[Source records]
###
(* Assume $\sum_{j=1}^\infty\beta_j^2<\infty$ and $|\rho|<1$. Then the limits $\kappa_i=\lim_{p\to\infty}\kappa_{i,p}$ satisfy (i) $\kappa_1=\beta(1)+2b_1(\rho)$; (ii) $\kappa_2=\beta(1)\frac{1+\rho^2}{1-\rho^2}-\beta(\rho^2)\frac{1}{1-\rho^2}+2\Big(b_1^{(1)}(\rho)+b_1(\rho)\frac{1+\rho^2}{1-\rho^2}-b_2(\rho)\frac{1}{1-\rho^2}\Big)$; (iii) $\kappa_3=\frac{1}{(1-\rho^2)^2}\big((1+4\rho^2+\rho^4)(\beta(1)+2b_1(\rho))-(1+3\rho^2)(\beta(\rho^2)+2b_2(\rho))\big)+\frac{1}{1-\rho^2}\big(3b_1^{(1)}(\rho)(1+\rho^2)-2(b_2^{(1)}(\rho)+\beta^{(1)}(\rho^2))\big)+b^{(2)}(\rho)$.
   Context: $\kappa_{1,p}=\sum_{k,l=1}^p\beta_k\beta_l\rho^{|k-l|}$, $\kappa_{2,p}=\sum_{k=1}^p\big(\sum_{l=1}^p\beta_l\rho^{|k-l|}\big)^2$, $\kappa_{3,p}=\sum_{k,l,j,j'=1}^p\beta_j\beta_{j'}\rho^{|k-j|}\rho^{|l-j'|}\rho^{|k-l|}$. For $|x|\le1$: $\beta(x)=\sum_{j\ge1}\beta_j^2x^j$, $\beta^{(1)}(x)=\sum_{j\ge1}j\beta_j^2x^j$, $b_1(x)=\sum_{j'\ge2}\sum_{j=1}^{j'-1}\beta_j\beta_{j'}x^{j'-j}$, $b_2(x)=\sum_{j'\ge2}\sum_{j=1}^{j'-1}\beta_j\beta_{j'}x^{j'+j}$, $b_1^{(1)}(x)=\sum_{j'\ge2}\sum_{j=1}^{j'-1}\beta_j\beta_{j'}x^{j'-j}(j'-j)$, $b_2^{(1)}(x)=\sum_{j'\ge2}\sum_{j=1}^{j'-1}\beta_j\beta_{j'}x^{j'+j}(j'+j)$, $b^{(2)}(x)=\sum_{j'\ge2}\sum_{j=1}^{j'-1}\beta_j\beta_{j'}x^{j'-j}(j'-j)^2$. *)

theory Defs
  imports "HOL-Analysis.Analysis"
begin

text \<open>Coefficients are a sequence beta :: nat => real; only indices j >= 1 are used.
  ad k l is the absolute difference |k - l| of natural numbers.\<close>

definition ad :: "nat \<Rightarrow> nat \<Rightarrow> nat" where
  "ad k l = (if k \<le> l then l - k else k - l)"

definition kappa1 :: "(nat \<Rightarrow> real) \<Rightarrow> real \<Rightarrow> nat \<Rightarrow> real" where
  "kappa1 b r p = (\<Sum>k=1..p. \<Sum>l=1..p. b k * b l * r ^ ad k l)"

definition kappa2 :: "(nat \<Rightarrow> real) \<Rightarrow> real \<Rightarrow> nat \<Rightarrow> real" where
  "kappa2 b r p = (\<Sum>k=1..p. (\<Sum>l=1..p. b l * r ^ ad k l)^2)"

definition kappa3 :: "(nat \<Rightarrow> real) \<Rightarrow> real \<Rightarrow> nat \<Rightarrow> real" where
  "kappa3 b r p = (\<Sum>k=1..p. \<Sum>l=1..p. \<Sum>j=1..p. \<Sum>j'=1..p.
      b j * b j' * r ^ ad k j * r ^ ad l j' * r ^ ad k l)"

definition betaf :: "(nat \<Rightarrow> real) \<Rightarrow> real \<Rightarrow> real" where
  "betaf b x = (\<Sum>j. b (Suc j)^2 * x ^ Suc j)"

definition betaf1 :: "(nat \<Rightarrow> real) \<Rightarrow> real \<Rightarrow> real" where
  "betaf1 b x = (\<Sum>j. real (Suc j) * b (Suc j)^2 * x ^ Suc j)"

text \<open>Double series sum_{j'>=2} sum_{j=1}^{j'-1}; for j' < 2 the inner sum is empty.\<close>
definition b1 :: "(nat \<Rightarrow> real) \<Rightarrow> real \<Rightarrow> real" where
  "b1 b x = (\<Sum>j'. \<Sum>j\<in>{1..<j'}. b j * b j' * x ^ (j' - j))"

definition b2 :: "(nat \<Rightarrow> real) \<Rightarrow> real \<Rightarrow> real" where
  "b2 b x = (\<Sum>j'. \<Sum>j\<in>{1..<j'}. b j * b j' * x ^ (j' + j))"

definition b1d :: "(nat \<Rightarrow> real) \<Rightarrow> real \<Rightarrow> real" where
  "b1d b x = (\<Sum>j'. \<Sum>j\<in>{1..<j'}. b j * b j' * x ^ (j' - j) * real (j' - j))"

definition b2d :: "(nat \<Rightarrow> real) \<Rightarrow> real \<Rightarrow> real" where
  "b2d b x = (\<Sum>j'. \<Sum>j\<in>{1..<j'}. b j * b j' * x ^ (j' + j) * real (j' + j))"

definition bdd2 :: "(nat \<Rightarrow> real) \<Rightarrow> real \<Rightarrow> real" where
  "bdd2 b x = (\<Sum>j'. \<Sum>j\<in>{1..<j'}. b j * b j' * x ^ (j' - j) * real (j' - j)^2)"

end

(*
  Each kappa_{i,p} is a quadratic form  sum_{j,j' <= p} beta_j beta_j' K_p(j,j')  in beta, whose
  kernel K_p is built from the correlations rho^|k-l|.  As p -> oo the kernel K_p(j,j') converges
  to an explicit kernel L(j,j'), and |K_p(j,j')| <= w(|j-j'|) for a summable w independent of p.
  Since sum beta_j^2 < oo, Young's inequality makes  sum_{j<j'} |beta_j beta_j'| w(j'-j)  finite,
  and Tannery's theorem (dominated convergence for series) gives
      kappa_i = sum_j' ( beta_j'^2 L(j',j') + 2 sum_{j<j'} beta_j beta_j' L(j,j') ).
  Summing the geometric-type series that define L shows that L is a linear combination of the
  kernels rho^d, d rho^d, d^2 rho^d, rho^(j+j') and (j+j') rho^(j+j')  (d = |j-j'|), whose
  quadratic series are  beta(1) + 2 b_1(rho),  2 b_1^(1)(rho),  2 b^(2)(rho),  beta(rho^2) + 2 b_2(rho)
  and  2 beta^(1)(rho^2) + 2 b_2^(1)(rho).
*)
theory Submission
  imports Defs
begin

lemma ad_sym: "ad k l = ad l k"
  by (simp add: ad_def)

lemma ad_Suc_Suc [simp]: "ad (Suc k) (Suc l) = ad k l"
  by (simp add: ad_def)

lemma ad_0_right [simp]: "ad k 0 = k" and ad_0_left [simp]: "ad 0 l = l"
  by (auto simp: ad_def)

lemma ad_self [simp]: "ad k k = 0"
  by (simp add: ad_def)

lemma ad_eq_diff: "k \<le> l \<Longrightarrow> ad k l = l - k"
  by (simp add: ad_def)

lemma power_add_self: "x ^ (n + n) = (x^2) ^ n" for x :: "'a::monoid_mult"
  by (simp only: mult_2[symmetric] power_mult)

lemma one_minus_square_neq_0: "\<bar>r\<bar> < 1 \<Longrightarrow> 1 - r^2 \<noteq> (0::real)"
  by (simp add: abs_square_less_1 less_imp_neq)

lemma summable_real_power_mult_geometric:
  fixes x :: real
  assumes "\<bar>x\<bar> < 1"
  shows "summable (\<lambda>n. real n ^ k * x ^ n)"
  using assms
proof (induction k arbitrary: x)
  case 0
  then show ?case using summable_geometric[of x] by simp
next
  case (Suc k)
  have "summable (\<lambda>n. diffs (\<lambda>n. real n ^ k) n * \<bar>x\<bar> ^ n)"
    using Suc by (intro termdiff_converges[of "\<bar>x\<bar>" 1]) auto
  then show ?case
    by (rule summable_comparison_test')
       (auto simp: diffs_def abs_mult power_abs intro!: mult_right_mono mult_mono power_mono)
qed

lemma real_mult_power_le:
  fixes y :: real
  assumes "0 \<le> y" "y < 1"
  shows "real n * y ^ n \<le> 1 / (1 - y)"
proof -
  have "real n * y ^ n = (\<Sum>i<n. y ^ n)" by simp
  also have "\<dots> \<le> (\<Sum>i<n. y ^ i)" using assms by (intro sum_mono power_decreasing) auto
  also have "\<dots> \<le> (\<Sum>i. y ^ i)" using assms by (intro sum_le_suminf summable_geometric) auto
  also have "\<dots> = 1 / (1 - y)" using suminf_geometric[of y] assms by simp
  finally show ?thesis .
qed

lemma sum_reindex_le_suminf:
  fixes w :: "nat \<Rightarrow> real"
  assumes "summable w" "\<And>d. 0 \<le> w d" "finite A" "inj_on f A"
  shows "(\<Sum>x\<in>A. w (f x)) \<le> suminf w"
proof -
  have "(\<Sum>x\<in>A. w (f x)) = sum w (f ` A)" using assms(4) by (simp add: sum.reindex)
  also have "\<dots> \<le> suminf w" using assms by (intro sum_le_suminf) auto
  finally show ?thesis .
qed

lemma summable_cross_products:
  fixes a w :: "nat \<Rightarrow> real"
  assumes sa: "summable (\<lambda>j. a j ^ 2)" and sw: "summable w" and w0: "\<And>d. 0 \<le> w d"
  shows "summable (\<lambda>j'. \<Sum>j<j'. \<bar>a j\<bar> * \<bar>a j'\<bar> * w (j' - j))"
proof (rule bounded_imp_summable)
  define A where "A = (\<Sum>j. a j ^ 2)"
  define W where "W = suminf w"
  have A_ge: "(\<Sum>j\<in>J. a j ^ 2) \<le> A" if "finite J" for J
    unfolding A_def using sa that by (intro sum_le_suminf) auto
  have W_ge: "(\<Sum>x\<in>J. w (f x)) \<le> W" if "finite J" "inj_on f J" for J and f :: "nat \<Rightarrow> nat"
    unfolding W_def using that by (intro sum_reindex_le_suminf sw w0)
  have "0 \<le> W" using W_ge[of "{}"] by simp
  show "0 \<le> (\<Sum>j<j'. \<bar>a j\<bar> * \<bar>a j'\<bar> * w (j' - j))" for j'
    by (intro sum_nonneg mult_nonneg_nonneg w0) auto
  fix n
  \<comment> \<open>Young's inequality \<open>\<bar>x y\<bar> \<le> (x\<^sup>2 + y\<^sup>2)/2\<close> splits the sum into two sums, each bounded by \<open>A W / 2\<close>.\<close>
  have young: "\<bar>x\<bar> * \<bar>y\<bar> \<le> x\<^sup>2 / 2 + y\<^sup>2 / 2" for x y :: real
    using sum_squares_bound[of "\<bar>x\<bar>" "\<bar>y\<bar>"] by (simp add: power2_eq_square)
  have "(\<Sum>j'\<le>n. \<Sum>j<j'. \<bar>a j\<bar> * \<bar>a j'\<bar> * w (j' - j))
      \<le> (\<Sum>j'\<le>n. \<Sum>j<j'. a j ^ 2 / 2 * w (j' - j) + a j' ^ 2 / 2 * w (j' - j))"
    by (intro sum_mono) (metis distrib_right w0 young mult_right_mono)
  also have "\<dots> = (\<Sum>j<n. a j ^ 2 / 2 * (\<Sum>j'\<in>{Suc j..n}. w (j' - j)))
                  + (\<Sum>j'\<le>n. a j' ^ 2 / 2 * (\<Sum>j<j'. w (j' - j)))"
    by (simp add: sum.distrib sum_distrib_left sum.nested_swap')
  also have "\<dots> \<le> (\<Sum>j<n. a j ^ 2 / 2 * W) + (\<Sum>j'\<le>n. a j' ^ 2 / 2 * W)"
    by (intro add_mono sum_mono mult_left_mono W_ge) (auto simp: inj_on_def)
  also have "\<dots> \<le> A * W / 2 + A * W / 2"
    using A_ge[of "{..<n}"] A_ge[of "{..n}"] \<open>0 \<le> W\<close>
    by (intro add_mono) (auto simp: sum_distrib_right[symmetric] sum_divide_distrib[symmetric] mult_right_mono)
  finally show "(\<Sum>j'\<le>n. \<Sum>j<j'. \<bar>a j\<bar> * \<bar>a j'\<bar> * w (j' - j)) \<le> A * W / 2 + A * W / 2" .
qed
###
Up to and including the final line of the data above, please copy every line exactly, starting from the one that contains "by (intro add_mono sum_mono".

    by (intro add_mono sum_mono mult_left_mono W_ge) (auto simp: inj_on_def)
  also have "\<dots> \<le> A * W / 2 + A * W / 2"
    using A_ge[of "{..<n}"] A_ge[of "{..n}"] \<open>0 \<le> W\<close>
    by (intro add_mono) (auto simp: sum_distrib_right[symmetric] sum_divide_distrib[symmetric] mult_right_mono)
  finally show "(\<Sum>j'\<le>n. \<Sum>j<j'. \<bar>a j\<bar> * \<bar>a j'\<bar> * w (j' - j)) \<le> A * W / 2 + A * W / 2" .
qed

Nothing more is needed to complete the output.